Optimizing Child Vision and Eye Health
Children’s eyes change rapidly as they grow. Regular eye exams and parental monitoring of their children’s eye health is important, says the American Academy of Ophthalmology (AAO). The vision of infants and young children is not fully formed. In order to ensure the normal development of vision, equal input from both eyes that sends clear images to the brain is required.

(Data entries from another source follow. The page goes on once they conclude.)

lemma lin_indep_coeffs_unique:
  assumes "lin_indep_family p"
    and "(\<Sum>j\<in>UNIV. c j *\<^sub>R real_vec (p j)) = (\<Sum>j\<in>UNIV. c' j *\<^sub>R real_vec (p j))"
  shows "c j = c' j"
proof -
  have "(\<Sum>j\<in>UNIV. (c j - c' j) *\<^sub>R real_vec (p j)) = 0"
    using assms(2) by (simp add: scaleR_diff_left sum_subtractf)
  then have "c j - c' j = 0" by (rule lin_indep_familyD[OF assms(1)])
  then show ?thesis by simp
qed

lemma lin_indep_spans:
  assumes "lin_indep_family (p :: 'd::finite \<Rightarrow> int ^ 'd)"
  shows "\<exists>t. v = (\<Sum>j\<in>UNIV. t j *\<^sub>R real_vec (p j))"
proof -
  define f :: "real ^ 'd \<Rightarrow> real ^ 'd" where "f t = (\<Sum>j\<in>UNIV. (t $ j) *\<^sub>R real_vec (p j))" for t
  have "linear f"
    by (rule linearI) (simp_all add: f_def scaleR_add_left sum.distrib scaleR_sum_right)
  moreover have "inj f"
  proof (rule injI)
    fix a b assume "f a = f b"
    then have "a $ j = b $ j" for j
      unfolding f_def by (rule lin_indep_coeffs_unique[OF assms])
    then show "a = b" by (simp add: vec_eq_iff)
  qed
  ultimately have "surj f" using linear_injective_imp_surjective by blast
  then obtain t where "v = f t" by (rule surjE)
  then show ?thesis unfolding f_def by blast
qed

lemma finite_Bp: "finite (Bp (p :: 'd::finite \<Rightarrow> int ^ 'd))"
proof -
  define C where "C = (\<Sum>j\<in>UNIV. \<Sum>k\<in>UNIV. \<bar>p j $ k\<bar>)"
  have "Bp p \<subseteq> {v. \<forall>k. \<bar>v $ k\<bar> \<le> C}"
  proof safe
    fix v k
    assume "v \<in> Bp p"
    then obtain t where t: "\<And>j. 0 \<le> t j \<and> t j < 1"
      and v: "real_vec v = (\<Sum>j\<in>UNIV. t j *\<^sub>R real_vec (p j))"
      unfolding Bp_def by blast
    have "real_of_int (v $ k) = (\<Sum>j\<in>UNIV. t j * real_of_int (p j $ k))"
      using arg_cong[OF v, of "\<lambda>u. u $ k"] by (simp add: real_vec_def)
    then have "\<bar>real_of_int (v $ k)\<bar> \<le> (\<Sum>j\<in>UNIV. \<bar>t j * real_of_int (p j $ k)\<bar>)"
      by (simp add: sum_abs)
    also have "\<dots> \<le> (\<Sum>j\<in>UNIV. real_of_int (\<Sum>k\<in>UNIV. \<bar>p j $ k\<bar>))"
    proof (rule sum_mono)
      fix j
      have "\<bar>t j\<bar> * real_of_int \<bar>p j $ k\<bar> \<le> real_of_int \<bar>p j $ k\<bar>"
        using t[of j] by (intro mult_left_le_one_le) auto
      moreover have "\<bar>p j $ k\<bar> \<le> (\<Sum>k\<in>UNIV. \<bar>p j $ k\<bar>)" by (rule member_le_sum) auto
      then have "real_of_int \<bar>p j $ k\<bar> \<le> real_of_int (\<Sum>k\<in>UNIV. \<bar>p j $ k\<bar>)"
        by (simp only: of_int_le_iff)
      ultimately show "\<bar>t j * real_of_int (p j $ k)\<bar> \<le> real_of_int (\<Sum>k\<in>UNIV. \<bar>p j $ k\<bar>)"
        unfolding abs_mult of_int_abs by linarith
    qed
    finally show "\<bar>v $ k\<bar> \<le> C" unfolding C_def of_int_sum[symmetric] by linarith
  qed
  then show ?thesis using finite_int_box finite_subset by blast
qed

text \<open>The lattice of integer combinations of the periods \<open>p\<^sub>j\<close>; \<open>Bp p\<close> is a
  fundamental domain for it whenever the periods are independent.\<close>
definition lattice_of :: "('d::finite \<Rightarrow> int ^ 'd) \<Rightarrow> (int ^ 'd) set" where
  "lattice_of p = {v. \<exists>n. v = (\<Sum>j\<in>UNIV. n j *s p j)}"

lemma lattice_of_add:
  assumes "a \<in> lattice_of p" "b \<in> lattice_of p"
  shows "a + b \<in> lattice_of p"
proof -
  obtain n m where "a = (\<Sum>j\<in>UNIV. n j *s p j)" "b = (\<Sum>j\<in>UNIV. m j *s p j)"
    using assms unfolding lattice_of_def by blast
  then have "a + b = (\<Sum>j\<in>UNIV. (n j + m j) *s p j)"
    by (simp add: vector_sadd_rdistrib sum.distrib)
  then show ?thesis unfolding lattice_of_def mem_Collect_eq by (rule exI[of _ "\<lambda>j. n j + m j"])
qed

lemma lattice_of_uminus:
  assumes "a \<in> lattice_of p"
  shows "- a \<in> lattice_of p"
proof -
  obtain n where "a = (\<Sum>j\<in>UNIV. n j *s p j)"
    using assms unfolding lattice_of_def by blast
  then have "- a = (\<Sum>j\<in>UNIV. (- n j) *s p j)"
    by (simp add: vec_eq_iff sum_negf)
  then show ?thesis unfolding lattice_of_def mem_Collect_eq by (rule exI[of _ "\<lambda>j. - n j"])
qed

lemma lattice_of_zero: "0 \<in> lattice_of p"
  unfolding lattice_of_def mem_Collect_eq by (rule exI[of _ "\<lambda>_. 0"]) simp

lemma lattice_of_gen: "p m \<in> lattice_of p"
proof -
  have "(\<Sum>j\<in>UNIV. (if j = m then 1 else 0) *s p j) = (\<Sum>j\<in>UNIV. if j = m then p j else 0)"
    by (rule sum.cong) auto
  also have "\<dots> = p m" by simp
  finally show ?thesis unfolding lattice_of_def mem_Collect_eq
    by (rule exI[of _ "\<lambda>j. if j = m then 1 else 0", OF sym])
qed

lemma lattice_of_diff: "a \<in> lattice_of p \<Longrightarrow> b \<in> lattice_of p \<Longrightarrow> a - b \<in> lattice_of p"
  using lattice_of_add[OF _ lattice_of_uminus, of a p b] by simp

Early detection of vision problems enables medical professionals to correct issues before they hinder normal development. Infants should be able to fixate on an object soon after birth, and they should be able to track movement by the time they are three months old. If a child has vision problems by the time school begins, it can hinder the learning process.
Steps to Good Eye Health
There are several steps that parents and caregivers can take to monitor their children’s eye health and ensure that potential problems are detected and treated, if needed.

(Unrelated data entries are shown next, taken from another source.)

lemma conductor_eq_fps_X_ideal:
  assumes "\<exists>c. \<forall>g. fps_X ^ c * g \<in> R"
  shows "conductor R = fps_X_ideal (cond_exp R)"
proof
  have "\<exists>c. fps_X ^ c \<in> conductor R"
    using assms by (simp add: conductor_def)
  then have "fps_X ^ cond_exp R \<in> conductor R"
    unfolding cond_exp_def by (rule LeastI_ex)
  then show "fps_X_ideal (cond_exp R) \<subseteq> conductor R"
    by (auto simp: fps_X_ideal_def intro: conductor_dvd_closed)
next
  show "conductor R \<subseteq> fps_X_ideal (cond_exp R)"
  proof
    fix x assume x: "x \<in> conductor R"
    show "x \<in> fps_X_ideal (cond_exp R)"
    proof (cases "x = 0")
      case False
      then have "x dvd fps_X ^ subdegree x"
        by (simp add: fps_dvd_iff fps_X_power_subdegree)
      with x have "fps_X ^ subdegree x \<in> conductor R"
        by (rule conductor_dvd_closed)
      then have "cond_exp R \<le> subdegree x"
        unfolding cond_exp_def by (rule Least_le)
      then show ?thesis by (simp add: fps_X_ideal_iff_subdegree)
    qed simp
  qed
qed

lemma conductor_quotient_fps_X_power:
  assumes "\<exists>c. \<forall>g. fps_X ^ c * g \<in> R" and "a \<le> cond_exp R"
  shows "{g. g * fps_X ^ a \<in> conductor R} = fps_X_ideal (cond_exp R - a)"
proof -
  have "fps_X ^ cond_exp R = fps_X ^ (cond_exp R - a) * (fps_X ^ a :: 'a fps)"
    using assms(2) by (metis le_add_diff_inverse2 power_add)
  then show ?thesis
    unfolding conductor_eq_fps_X_ideal[OF assms(1)] fps_X_ideal_def
    by (simp only: mem_Collect_eq dvd_times_right_cancel_iff power_not_zero fps_X_neq_zero
        not_False_eq_True)
qed

lemma k_subalg_plus_fps_X_ideal:
  assumes "k_subalg R"
  shows "k_subalg (R + fps_X_ideal d)"
  unfolding k_subalg_def
proof (intro conjI allI ballI)
  fix c
  have "fps_const c + 0 \<in> R + fps_X_ideal d"
    using assms by (intro set_plus_intro) (auto simp: k_subalg_def)
  then show "fps_const c \<in> R + fps_X_ideal d" by simp
next
  fix f g assume "f \<in> R + fps_X_ideal d" "g \<in> R + fps_X_ideal d"
  then obtain r1 g1 r2 g2 where f: "f = r1 + g1" "r1 \<in> R" "g1 \<in> fps_X_ideal d"
    and g: "g = r2 + g2" "r2 \<in> R" "g2 \<in> fps_X_ideal d"
    by (auto elim!: set_plus_elim)
  have "(r1 + r2) + (g1 + g2) \<in> R + fps_X_ideal d"
    using assms f g by (intro set_plus_intro fps_X_ideal_add) (auto simp: k_subalg_def)
  then show "f + g \<in> R + fps_X_ideal d"
    by (simp add: f g algebra_simps)
  have "g1 * g \<in> fps_X_ideal d"
    using fps_X_ideal_mult_left[OF f(3), of g] by (simp add: mult.commute)
  then have "r1 * r2 + (r1 * g2 + g1 * g) \<in> R + fps_X_ideal d"
    using assms f g
    by (intro set_plus_intro fps_X_ideal_add) (auto simp: k_subalg_def fps_X_ideal_mult_left)
  then show "f * g \<in> R + fps_X_ideal d"
    by (simp add: f g algebra_simps)
next
  fix f assume "f \<in> R + fps_X_ideal d"
  then obtain r g where "f = r + g" "r \<in> R" "g \<in> fps_X_ideal d"
    by (auto elim!: set_plus_elim)
  then show "- f \<in> R + fps_X_ideal d"
    using assms by (auto simp: k_subalg_def intro!: set_plus_intro[of "- r" _ "- g", simplified]
        fps_X_ideal_uminus)
qed

lemma subset_plus_fps_X_ideal: "R \<subseteq> R + fps_X_ideal d"
  using set_plus_intro[of _ R 0 "fps_X_ideal d"] by auto

lemma fps_X_ideal_subset_plus: "k_subalg R \<Longrightarrow> fps_X_ideal d \<subseteq> R + fps_X_ideal d"
  using set_plus_intro[of 0 R _ "fps_X_ideal d"] zero_in_k_subalg by fastforce

lemma gen_subalg_Un_fps_X_ideal:
  assumes "k_subalg R"
  shows "gen_subalg (R \<union> fps_X_ideal d) = R + fps_X_ideal d"
proof
  show "gen_subalg (R \<union> fps_X_ideal d) \<subseteq> R + fps_X_ideal d"
    using k_subalg_plus_fps_X_ideal[OF assms] subset_plus_fps_X_ideal[of R d]
      fps_X_ideal_subset_plus[OF assms, of d]
    unfolding gen_subalg_def by blast
next
  show "R + fps_X_ideal d \<subseteq> gen_subalg (R \<union> fps_X_ideal d)"
    unfolding gen_subalg_def k_subalg_def by (blast elim: set_plus_elim)
qed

Step 1: Compile a Family Eye Health History
Parents and caregivers should research whether eye diseases or conditions run in their families. This information should be shared with eye care professionals. Some common problems are:
- Crossed eye, known as strabismus
- Lazy eye, known as amblyopia
If these conditions are not treated in childhood, they could cause permanent vision loss.

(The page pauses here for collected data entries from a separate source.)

lemma black_set_1_a:
  assumes a: "3 \<le> a" and B: "B = {1, a}"
  shows "(\<Sum>i=2..a-2. v i) < v (a - 1) + (\<Sum>i=a+1..l. v i)
    \<and> (\<Sum>i=2..a-1. v i) \<ge> (\<Sum>i=a+1..l. v i)
    \<and> s_vertex l col v = (-1) ^ l"
proof -
  have al: "a \<le> l" using B black_set_subset[of l col] by auto
  have "Suc (a - 2) \<notin> {1, a}" "a - 1 \<notin> {1, a}" using a by auto
  then have white: "Suc (a - 2) \<notin> B" "a - 1 \<notin> B" using B by simp_all
  have "sum v ({1..a-2} - B) < sum v ({Suc (a-2)..l} - B)"
  proof (rule white_weight_less_at_non_descent)
    show "a - 2 \<in> {1..<l}" using a al by auto
    show "\<not> (a - 2 \<notin> B \<and> Suc (a - 2) \<in> B)" using white by blast
    show "{1..a-2} \<inter> B = {1}" "{Suc (a-2)..l} \<inter> B = {a}" using a al unfolding B by auto
  qed
  moreover have "{1..a-2} - B = {2..a-2}" "{Suc (a-2)..l} - B = insert (a-1) {a+1..l}"
    using a al unfolding B by auto
  ultimately have less: "(\<Sum>i=2..a-2. v i) < v (a - 1) + (\<Sum>i=a+1..l. v i)" by simp
  have "sum v ({1..a-1} - B) \<ge> sum v ({Suc (a-1)..l} - B)"
  proof (rule white_weight_ge_at_descent)
    show "{1..a-1} \<inter> B = {1}" "{Suc (a-1)..l} \<inter> B = {a}" using a al unfolding B by auto
    show "a - 1 \<in> {1..<l}" using a al by auto
    show "a - 1 \<notin> B" by (fact white(2))
    show "Suc (a - 1) \<in> B" using a B by simp
  qed
  moreover have "{1..a-1} - B = {2..a-1}" "{Suc (a-1)..l} - B = {a+1..l}" using a al unfolding B by auto
  ultimately have ge: "(\<Sum>i=2..a-1. v i) \<ge> (\<Sum>i=a+1..l. v i)" by simp
  have "{i\<in>{1..<l}. i \<notin> B \<and> Suc i \<in> B} = {a - 1}" using a al unfolding B by auto
  then have "s_vertex l col v = (-1) ^ (l - 1 - card {a - 1})" by (rule sign_formula_entries)
  also have "\<dots> = (-1) ^ l" using neg_one_power_diff_even[of 2 l] a al by (simp add: numeral_2_eq_2)
  finally show ?thesis using less ge by simp
qed

lemma black_set_2_3:
  assumes B: "B = {2, 3}"
  shows "v 1 < (\<Sum>i=4..l. v i) \<and> s_vertex l col v = (-1) ^ l"
proof -
  have l: "3 \<le> l" using B black_set_subset[of l col] by auto
  have "sum v ({1..2} - B) < sum v ({Suc 2..l} - B)"
  proof (rule white_weight_less_at_non_descent)
    show "2 \<in> {1..<l}" using l by simp
    show "\<not> (2 \<notin> B \<and> Suc 2 \<in> B)" using B by simp
    show "{1..2} \<inter> B = {2}" "{Suc 2..l} \<inter> B = {3}" using l unfolding B by auto
  qed
  moreover have "{1..2} - B = {1}" "{Suc 2..l} - B = {4..l}" using l unfolding B by auto
  ultimately have less: "v 1 < (\<Sum>i=4..l. v i)" by simp
  have "{i\<in>{1..<l}. i \<notin> B \<and> Suc i \<in> B} = {1}" using l unfolding B by auto
  then have "s_vertex l col v = (-1) ^ (l - 1 - card {1::nat})" by (rule sign_formula_entries)
  also have "\<dots> = (-1) ^ l" using neg_one_power_diff_even[of 2 l] l by (simp add: numeral_2_eq_2)
  finally show ?thesis using less by simp
qed

lemma black_set_2_a:
  assumes a: "4 \<le> a" and B: "B = {2, a}"
  shows "v 1 + (\<Sum>i=3..a-2. v i) < v (a - 1) + (\<Sum>i=a+1..l. v i)
    \<and> v 1 + (\<Sum>i=3..a-1. v i) \<ge> (\<Sum>i=a+1..l. v i)
    \<and> s_vertex l col v = (-1) ^ (l - 1)"
proof -
  have al: "a \<le> l" using B black_set_subset[of l col] by auto
  have "Suc (a - 2) \<notin> {2, a}" "a - 1 \<notin> {2, a}" using a by auto
  then have white: "Suc (a - 2) \<notin> B" "a - 1 \<notin> B" using B by simp_all
  have "sum v ({1..a-2} - B) < sum v ({Suc (a-2)..l} - B)"
  proof (rule white_weight_less_at_non_descent)
    show "a - 2 \<in> {1..<l}" using a al by auto
    show "\<not> (a - 2 \<notin> B \<and> Suc (a - 2) \<in> B)" using white by blast
    show "{1..a-2} \<inter> B = {2}" "{Suc (a-2)..l} \<inter> B = {a}" using a al unfolding B by auto
  qed
  moreover have "{1..a-2} - B = insert 1 {3..a-2}" "{Suc (a-2)..l} - B = insert (a-1) {a+1..l}"
    using a al unfolding B by auto
  ultimately have less: "v 1 + (\<Sum>i=3..a-2. v i) < v (a - 1) + (\<Sum>i=a+1..l. v i)" by simp
  have "sum v ({1..a-1} - B) \<ge> sum v ({Suc (a-1)..l} - B)"
  proof (rule white_weight_ge_at_descent)
    show "a - 1 \<in> {1..<l}" using a al by auto
    show "a - 1 \<notin> B" by (fact white(2))
    show "Suc (a - 1) \<in> B" using a B by simp
    show "{1..a-1} \<inter> B = {2}" "{Suc (a-1)..l} \<inter> B = {a}" using a al unfolding B by auto
  qed
  moreover have "{1..a-1} - B = insert 1 {3..a-1}" "{Suc (a-1)..l} - B = {a+1..l}"
    using a al unfolding B by auto
  ultimately have ge: "v 1 + (\<Sum>i=3..a-1. v i) \<ge> (\<Sum>i=a+1..l. v i)" by simp
  have "{i\<in>{1..<l}. i \<notin> B \<and> Suc i \<in> B} = {1, a - 1}" using a al unfolding B by auto
  then have "s_vertex l col v = (-1) ^ (l - 1 - card {1, a - 1})" by (rule sign_formula_entries)
  also have "\<dots> = (-1) ^ (l - 1)"
  proof -
    have "l - 1 - card {1, a - 1} = (l - 1) - 2" "2 \<le> l - 1" using a al by simp_all
    then show ?thesis using neg_one_power_diff_even[of 2 "l - 1"] by simp
  qed
  finally show ?thesis using less ge by simp
qed

end

theorem lemma4p10:
  fixes l :: nat and col :: "nat \<Rightarrow> color" and v :: "nat \<Rightarrow> nat"
  assumes vpos: "\<forall>i\<in>{1..l}. v i \<ge> 1"
    and r2: "r_vertex l col v = 2"
    and card2: "card (black_set l col) = 2"
    and s_nz: "s_vertex l col v \<noteq> 0"
  shows "l \<ge> 3
    \<and> (black_set l col = {1, 2} \<longrightarrow> s_vertex l col v = (-1) ^ (l - 1))
    \<and> (\<forall>a\<ge>3. black_set l col = {1, a} \<longrightarrow>
          (\<Sum>i=2..a-2. v i) < v (a - 1) + (\<Sum>i=a+1..l. v i)
        \<and> (\<Sum>i=2..a-1. v i) \<ge> (\<Sum>i=a+1..l. v i)
        \<and> s_vertex l col v = (-1) ^ l)
    \<and> (black_set l col = {2, 3} \<longrightarrow>
          v 1 < (\<Sum>i=4..l. v i) \<and> s_vertex l col v = (-1) ^ l)
    \<and> (\<forall>a\<ge>4. black_set l col = {2, a} \<longrightarrow>
          v 1 + (\<Sum>i=3..a-2. v i) < v (a - 1) + (\<Sum>i=a+1..l. v i)
        \<and> v 1 + (\<Sum>i=3..a-1. v i) \<ge> (\<Sum>i=a+1..l. v i)
        \<and> s_vertex l col v = (-1) ^ (l - 1))"
proof -
  have "v i = 1" if "i \<in> black_set l col" for i
  proof (rule sum_eq_card_imp_eq_1[OF _ _ _ that])
    show "finite (black_set l col)" using finite_subset[OF black_set_subset] by blast
    show "\<forall>i\<in>black_set l col. 1 \<le> v i" using vpos black_set_subset by blast
    show "sum v (black_set l col) = card (black_set l col)" using r2 card2 by (simp add: r_vertex_def)
  qed
  then interpret nonzero_unit_black_vertex l col v
    using s_nz by unfold_locales
  show ?thesis
    using length_ge_3[OF card2] black_set_1_2 black_set_1_a black_set_2_3 black_set_2_a
    by (intro conjI allI impI) simp_all
qed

Step 2: Get Regular Vision Screenings
Screenings can be done by a qualified medical professional, pediatrician, or family physician. Eye screenings include taking a case history, tests of eye alignment and visual acuity such as using an eye chart or photoscreening (taking pictures of children's eyes using a special camera), and making evaluations of overall eye heath. Medical professionals will also determine if eyeglasses are necessary, and, if needed, provide a prescription for glasses.
The American Academy of Pediatrics and the American Academy of Ophthalmology recommends that eye screenings take place:
- At birth, at 6 months, and again before their first birthday
- Preschoolers between the age of 3 and 3.5
- When children begin school
- When children seem to have a vision problem
Vision screenings can be performed by pediatrician, family physician, nurse, or trained technician for school-age children. Tests can determine how well children can focus on near, middle, and far distances. Nearsightedness is the most common refractive error in school-age children and can be corrected by glasses.
Step 3: Watch for Signs of Eye Problems
Parents should monitor their child for signs of eye problems such as:
- Squinting while reading or other activities
- Excessive blinking
- Rubbing the eyes frequently, even when the child is not sleepy
- Tilting heads to see things such as TV or a book
- Holding books close when reading
- Closing one eye to see better
- Eyes do not work in unison, may look cross-eyed
- Being unable to fix gaze on objects
- Poor vision in low light or at night
- Difficulty tracking movement visually
- Not able to maintain eye contact
- Eyelids flutter quickly up and down or from side to side
- Eyes bulge
- One eye that turns in or out
- A white or grayish-white color in the pupil
- Redness that does not go away in a few days that is sometimes accompanied by light sensitivity and pain
- A droopy eyelid that does not open fully
- Itching or discomfort that could be signs of allergies
Other signs of possible eye problems:
- Headaches, especially at the end of the day
- Eye complaints such as tired eyes or eyestrain
- Seeming clumsy
- Delayed motor development
Symptoms such as pain, excessive tearing, light sensitivity, redness, and pus or crustiness could be signs of conditions such as a blocked tear duct, infections such as pinkeye, or injuries.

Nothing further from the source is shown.